▶ _Task prompt_
While reading the listing below, count how many lines hold the word "lemma", and answer with the number only.

___ The input

(* Let $M$ be a tall or square ACI-matrix over a field $\mathbb{F}$, and let $F_1,F_2$ be two disjoint semifactor sets of $M$. Then $F_1\cap F_2$ and $F_1\cup F_2$ are semifactor sets of $M$.
   Context: Let $\mathbb{F}$ be a field. An ACI-matrix is a matrix with entries in $\mathbb{F}[x_1,\dots,x_k]$ whose entries are polynomials of degree at most one and such that no indeterminate appears in two different columns. Tall/square means more rows than columns / equal numbers. A completion is an assignment of values in $\mathbb{F}$ to all indeterminates; $\mathrm{maxRank}(N)$ is the maximum rank of a completion. ACI-matrices (and blocks) of size $0\times q$ ($q>0$, wide degenerate), $p\times 0$ ($p>0$, tall degenerate) and $0\times0$ (void) are allowed. $N$ is FRmR if $\mathrm{maxRank}(N)=\mathrm{rows}(N)$, FCmR if $\mathrm{maxRank}(N)=\mathrm{cols}(N)$; by convention tall degenerate is FRmR, wide degenerate is FCmR, void is both. For an $m\times n$ block matrix $\begin{bmatrix} A & B\\ 0 & C\end{bmatrix}$ with lower-left $r\times s$ zero block, the zero block is Medium if $r+s=\max\{m,n\}$. For $F=\{f_1<\dots<f_s\}\subseteq\{1,\dots,n\}$ with complement $\{g_1<\dots<g_{n-s}\}$, $Q_F$ is the $n\times n$ permutation matrix such that $MQ_F$ has as columns $f_1,\dots,f_s,g_1,\dots,g_{n-s}$ of $M$ in that order. For an $m\times n$ ACI-matrix $M$, $F$ is a semifactor set of $M$ if there is a nonsingular constant $m\times m$ matrix $R$ with $RMQ_F=\begin{bmatrix} A & B\\ 0 & C\end{bmatrix}$, where $A$ has $\#F$ columns, the zero block is Medium, $A$ is FRmR and $C$ is FCmR. *)

theory Defs
  imports "Jordan_Normal_Form.DL_Rank"
begin

text \<open>An ACI-matrix with entries in F[x_0,...,x_(k-1)] of degree at most one is represented
  by its coefficient matrices: a pair (M0, [M1,...,Mk]) standing for
  M0 + x_0 M1 + ... + x_(k-1) Mk, all of the same size m x n.
  Two such representations denote the same polynomial matrix iff they are equal
  (padding with zero coefficient matrices aside).\<close>

type_synonym 'a aci = "'a mat \<times> 'a mat list"

definition aci_rows :: "'a aci \<Rightarrow> nat" where
  "aci_rows M = dim_row (fst M)"

definition aci_cols :: "'a aci \<Rightarrow> nat" where
  "aci_cols M = dim_col (fst M)"

text \<open>Well-formedness: all coefficient matrices have the same size, and each indeterminate
  appears in at most one column (its coefficient matrix is supported on a single column).\<close>
definition is_aci :: "'a::zero aci \<Rightarrow> bool" where
  "is_aci M \<longleftrightarrow>
     (\<forall>B \<in> set (snd M). B \<in> carrier_mat (aci_rows M) (aci_cols M) \<and>
        (\<exists>j. \<forall>i < aci_rows M. \<forall>j' < aci_cols M. j' \<noteq> j \<longrightarrow> B $$ (i, j') = 0))"

definition aci_eval :: "'a::comm_ring_1 aci \<Rightarrow> (nat \<Rightarrow> 'a) \<Rightarrow> 'a mat" where
  "aci_eval M a = mat (aci_rows M) (aci_cols M)
     (\<lambda>(i, j). fst M $$ (i, j) + (\<Sum>v < length (snd M). a v * (snd M ! v) $$ (i, j)))"

definition mrank :: "'a::field mat \<Rightarrow> nat" where
  "mrank A = vec_space.rank (dim_row A) A"

definition maxRank :: "'a::field aci \<Rightarrow> nat" where
  "maxRank M = Max (range (\<lambda>a. mrank (aci_eval M a)))"

definition FRmR :: "'a::field aci \<Rightarrow> bool" where
  "FRmR M \<longleftrightarrow> maxRank M = aci_rows M \<or> aci_cols M = 0"

definition FCmR :: "'a::field aci \<Rightarrow> bool" where
  "FCmR M \<longleftrightarrow> maxRank M = aci_cols M \<or> aci_rows M = 0"

definition aci_lmult :: "'a::semiring_0 mat \<Rightarrow> 'a aci \<Rightarrow> 'a aci" where
  "aci_lmult R M = (R * fst M, map (\<lambda>B. R * B) (snd M))"

definition aci_rmult :: "'a::semiring_0 aci \<Rightarrow> 'a mat \<Rightarrow> 'a aci" where
  "aci_rmult M Q = (fst M * Q, map (\<lambda>B. B * Q) (snd M))"

definition aci_block :: "'a aci \<Rightarrow> nat \<Rightarrow> nat \<Rightarrow> nat \<Rightarrow> nat \<Rightarrow> 'a aci" where
  "aci_block M r0 r1 c0 c1 =
     (let blk = (\<lambda>B. mat (r1 - r0) (c1 - c0) (\<lambda>(i, j). B $$ (i + r0, j + c0)))
      in (blk (fst M), map blk (snd M)))"

text \<open>Permutation matrix Q_F (columns indexed 0..<n): M * Q_F has as columns
  f_1,...,f_s, g_1,...,g_(n-s) of M, in that order.\<close>
definition col_order :: "nat \<Rightarrow> nat set \<Rightarrow> nat list" where
  "col_order n F = sorted_list_of_set F @ sorted_list_of_set ({0..<n} - F)"

definition Qperm :: "nat \<Rightarrow> nat set \<Rightarrow> 'a::zero_neq_one mat" where
  "Qperm n F = mat n n (\<lambda>(i, j). if i = col_order n F ! j then 1 else 0)"

definition semifactor_set :: "'a::field aci \<Rightarrow> nat set \<Rightarrow> bool" where
  "semifactor_set M F \<longleftrightarrow>
     (let m = aci_rows M; n = aci_cols M; s = card F in
      F \<subseteq> {0..<n} \<and>
      (\<exists>R r. R \<in> carrier_mat m m \<and> invertible_mat R \<and> r \<le> m \<and> r + s = max m n \<and>
         (let N = aci_rmult (aci_lmult R M) (Qperm n F) in
           (\<forall>i j. m - r \<le> i \<and> i < m \<and> j < s \<longrightarrow>
              fst N $$ (i, j) = 0 \<and> (\<forall>B \<in> set (snd N). B $$ (i, j) = 0)) \<and>
           FRmR (aci_block N 0 (m - r) 0 s) \<and>
           FCmR (aci_block N (m - r) m s n))))"

end

theory Submission
  imports Defs
begin

text \<open>Once M has a semifactor set it has a completion X of full column rank: every indeterminate
  lives in a single column, so the completions witnessing that A is FRmR and that C is FCmR can be
  merged column by column, and a block upper triangular matrix with injective diagonal blocks is
  injective. For tall M and such a fixed X, F is a semifactor set if and only if every
  coefficient column of M indexed by F is a combination of the columns of X indexed by F.
  Necessity: R sends these coefficient columns into the first #F coordinates, where the
  columns of R X Q_F indexed by F form an invertible block. Sufficiency: Gauss-Jordan
  elimination of X Q_F yields R with R X Q_F equal to the identity on top of a zero
  block. The column condition is obviously inherited by unions and holds for the empty set.\<close>

section \<open>Full column rank\<close>

definition full_col_rank :: "'a::field mat \<Rightarrow> bool" where
  "full_col_rank A \<longleftrightarrow>
     (\<forall>v \<in> carrier_vec (dim_col A). A *\<^sub>v v = 0\<^sub>v (dim_row A) \<longrightarrow> v = 0\<^sub>v (dim_col A))"

lemma full_col_rankI:
  assumes "A \<in> carrier_mat m n" and "\<And>v. v \<in> carrier_vec n \<Longrightarrow> A *\<^sub>v v = 0\<^sub>v m \<Longrightarrow> v = 0\<^sub>v n"
  shows "full_col_rank A"
  using assms unfolding full_col_rank_def by (metis carrier_matD(1,2))

lemma full_col_rankD:
  assumes "full_col_rank A" and "A \<in> carrier_mat m n"
    and "v \<in> carrier_vec n" and "A *\<^sub>v v = 0\<^sub>v m"
  shows "v = 0\<^sub>v n"
  using assms unfolding full_col_rank_def by (metis carrier_matD(1,2))

lemma full_col_rank_if_dim_col_0: "dim_col A = 0 \<Longrightarrow> full_col_rank A"
  unfolding full_col_rank_def by auto

lemma full_col_rank_distinct_cols:
  assumes A: "A \<in> carrier_mat n nc" and full: "full_col_rank A"
  shows "distinct (cols A)"
proof (rule ccontr)
  assume "\<not> distinct (cols A)"
  then obtain i j where ij: "i < nc" "j < nc" "i \<noteq> j" "col A i = col A j"
    using A by (auto simp: distinct_conv_nth)
  define v :: "'a vec" where "v = unit_vec nc i - unit_vec nc j"
  have unit: "A *\<^sub>v unit_vec nc k = col A k" if "k < nc" for k
    using A that by (intro eq_vecI) auto
  have "A *\<^sub>v v = col A i - col A j"
    using A ij unit unfolding v_def by (simp add: mult_minus_distrib_mat_vec)
  then have "A *\<^sub>v v = 0\<^sub>v n"
    using A ij(4) by (metis carrier_matD(1) col_dim minus_cancel_vec)
  moreover have "v \<in> carrier_vec nc" unfolding v_def by simp
  ultimately have "v = 0\<^sub>v nc" using full_col_rankD[OF full A] by blast
  moreover have "v $ i = 1" using ij unfolding v_def by simp
  ultimately show False using ij by simp
qed

lemma (in vec_space) rank_le_card_set_cols:
  assumes "A \<in> carrier_mat n nc"
  shows "rank A \<le> card (set (cols A))"
proof -
  obtain S where S: "maximal S (\<lambda>T. T \<subseteq> set (cols A) \<and> lin_indpt T)"
    using maximal_exists[of "\<lambda>T. T \<subseteq> set (cols A) \<and> lin_indpt T" "card (set (cols A))" "{}"]
    by (meson List.finite_set card_mono empty_iff empty_subsetI finite_lin_indpt2 rev_finite_subset)
  then have "card S \<le> card (set (cols A))" by (simp add: card_mono maximal_def)
  then show ?thesis using rank_card_indpt[OF assms S] by simp
qed

lemma (in vec_space) rank_eq_dim_col_iff_full_col_rank:
  assumes A: "A \<in> carrier_mat n nc"
  shows "rank A = nc \<longleftrightarrow> full_col_rank A"
proof
  assume rank: "rank A = nc"
  have distinct: "distinct (cols A)"
  proof (rule ccontr)
    assume "\<not> distinct (cols A)"
    then have "card (set (cols A)) < length (cols A)"
      using card_distinct card_length nat_less_le by blast
    then show False using rank_le_card_set_cols[OF A] rank A by auto
  qed
  have indpt: "lin_indpt (set (cols A))" using full_rank_lin_indpt[OF A rank distinct] .
  show "full_col_rank A"
  proof (rule full_col_rankI[OF A], rule ccontr)
    fix v assume "v \<in> carrier_vec nc" "A *\<^sub>v v = 0\<^sub>v n" "v \<noteq> 0\<^sub>v nc"
    then show False using lin_depI[OF A _ _ _ distinct] indpt by blast
  qed
next
  assume full: "full_col_rank A"
  note distinct = full_col_rank_distinct_cols[OF A full]
  have "lin_indpt (set (cols A))"
  proof
    assume "lin_dep (set (cols A))"
    from lin_depE[OF A this distinct] obtain v
      where "v \<in> carrier_vec nc" "v \<noteq> 0\<^sub>v nc" "A *\<^sub>v v = 0\<^sub>v n" .
    then show False using full_col_rankD[OF full A] by blast
  qed
  then show "rank A = nc" using lin_indpt_full_rank[OF A distinct] by blast
qed

lemma mult_mat_zero_vec[simp]: "A \<in> carrier_mat m n \<Longrightarrow> A *\<^sub>v 0\<^sub>v n = 0\<^sub>v m"
  by (intro eq_vecI) (auto simp: scalar_prod_def)

lemma full_col_rank_mult:
  assumes A: "A \<in> carrier_mat m k" and B: "B \<in> carrier_mat k n"
    and "full_col_rank A" and "full_col_rank B"
  shows "full_col_rank (A * B)"
proof (rule full_col_rankI)
  show "A * B \<in> carrier_mat m n" using A B by simp
  fix v assume v: "v \<in> carrier_vec n" and "A * B *\<^sub>v v = 0\<^sub>v m"
  then have "A *\<^sub>v (B *\<^sub>v v) = 0\<^sub>v m" using A B by simp
  then have "B *\<^sub>v v = 0\<^sub>v k" using full_col_rankD[OF \<open>full_col_rank A\<close> A] B v by simp
  then show "v = 0\<^sub>v n" using full_col_rankD[OF \<open>full_col_rank B\<close> B v] by simp
qed

lemma full_col_rank_right_factor:
  assumes A: "A \<in> carrier_mat m k" and B: "B \<in> carrier_mat k n"
    and "full_col_rank (A * B)"
  shows "full_col_rank B"
proof (rule full_col_rankI[OF B])
  fix v assume v: "v \<in> carrier_vec n" and "B *\<^sub>v v = 0\<^sub>v k"
  then have "A * B *\<^sub>v v = 0\<^sub>v m" using A B by simp
  then show "v = 0\<^sub>v n"
    using full_col_rankD[OF \<open>full_col_rank (A * B)\<close> mult_carrier_mat[OF A B] v] by blast
qed

lemma invertible_matE:
  assumes R: "R \<in> carrier_mat n n" and "invertible_mat R"
  obtains S where "S \<in> carrier_mat n n" "S * R = 1\<^sub>m n" "R * S = 1\<^sub>m n"
proof -
  from assms obtain S where RS: "R * S = 1\<^sub>m n" and SR: "S * R = 1\<^sub>m (dim_row S)"
    unfolding invertible_mat_def inverts_mat_def carrier_matD[OF R] by blast
  have "dim_row S = n" using arg_cong[OF SR, of dim_col] R by simp
  moreover have "dim_col S = n" using arg_cong[OF RS, of dim_col] by simp
  ultimately have S: "S \<in> carrier_mat n n" by (rule carrier_matI)
  show thesis using that[OF S _ RS] SR S by simp
qed

lemma invertible_matI:
  assumes R: "R \<in> carrier_mat n n" and S: "S \<in> carrier_mat n n" and SR: "S * R = 1\<^sub>m n"
  shows "invertible_mat (R :: 'a::field mat)"
proof -
  have "R * S = 1\<^sub>m n" using mat_mult_left_right_inverse[OF S R SR] .
  then show ?thesis unfolding invertible_mat_def inverts_mat_def
    using R S SR by (intro conjI exI[of _ S]) simp_all
qed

______

▶ _Answer space_
11